> [Source records]
definition moves :: "nat list \<Rightarrow> nat list set" where
  "moves mu = (if 1 < length mu then {tl mu} else {}) \<union> (if mu \<noteq> [] \<and> 1 < hd mu then {shift mu} else {})"

declare sgD.simps [simp del]

lemma sgD_eq_mex_moves: "sgD mu = mex (sgD ` moves mu)"
  by (subst sgD.simps) (simp add: moves_def)

lemma sgD_move_neq: "nu \<in> moves mu \<Longrightarrow> sgD nu \<noteq> sgD mu"
  using mex_notin[of "sgD ` moves mu"] sgD_eq_mex_moves[of mu] by (auto simp: moves_def)

lemma shift_Nil [simp]: "shift [] = []"
  by (simp add: shift_def)

lemma shift_Cons [simp]: "shift (x # xs) = (if 1 < x then (x - 1) # shift xs else shift xs)"
  by (auto simp: shift_def)

lemma sorted_shift: "sorted_wrt (\<ge>) xs \<Longrightarrow> sorted_wrt (\<ge>) (shift xs)"
  by (induction xs) (auto simp: shift_def)

lemma shift_eq_Nil_iff: "sorted_wrt (\<ge>) xs \<Longrightarrow> shift xs = [] \<longleftrightarrow> xs = [] \<or> hd xs \<le> 1"
proof (induction xs)
  case (Cons a xs)
  then show ?case by (cases xs) auto
qed simp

> [What this task involves] Your task for the entries above: copy exactly the span starting with the line with "by (simp add: shift_def)" and going on through the line with "case (Cons a xs)", both lines included, and nothing else.

> [Problem solution]
  by (simp add: shift_def)

lemma shift_Cons [simp]: "shift (x # xs) = (if 1 < x then (x - 1) # shift xs else shift xs)"
  by (auto simp: shift_def)

lemma sorted_shift: "sorted_wrt (\<ge>) xs \<Longrightarrow> sorted_wrt (\<ge>) (shift xs)"
  by (induction xs) (auto simp: shift_def)

lemma shift_eq_Nil_iff: "sorted_wrt (\<ge>) xs \<Longrightarrow> shift xs = [] \<longleftrightarrow> xs = [] \<or> hd xs \<le> 1"
proof (induction xs)
  case (Cons a xs)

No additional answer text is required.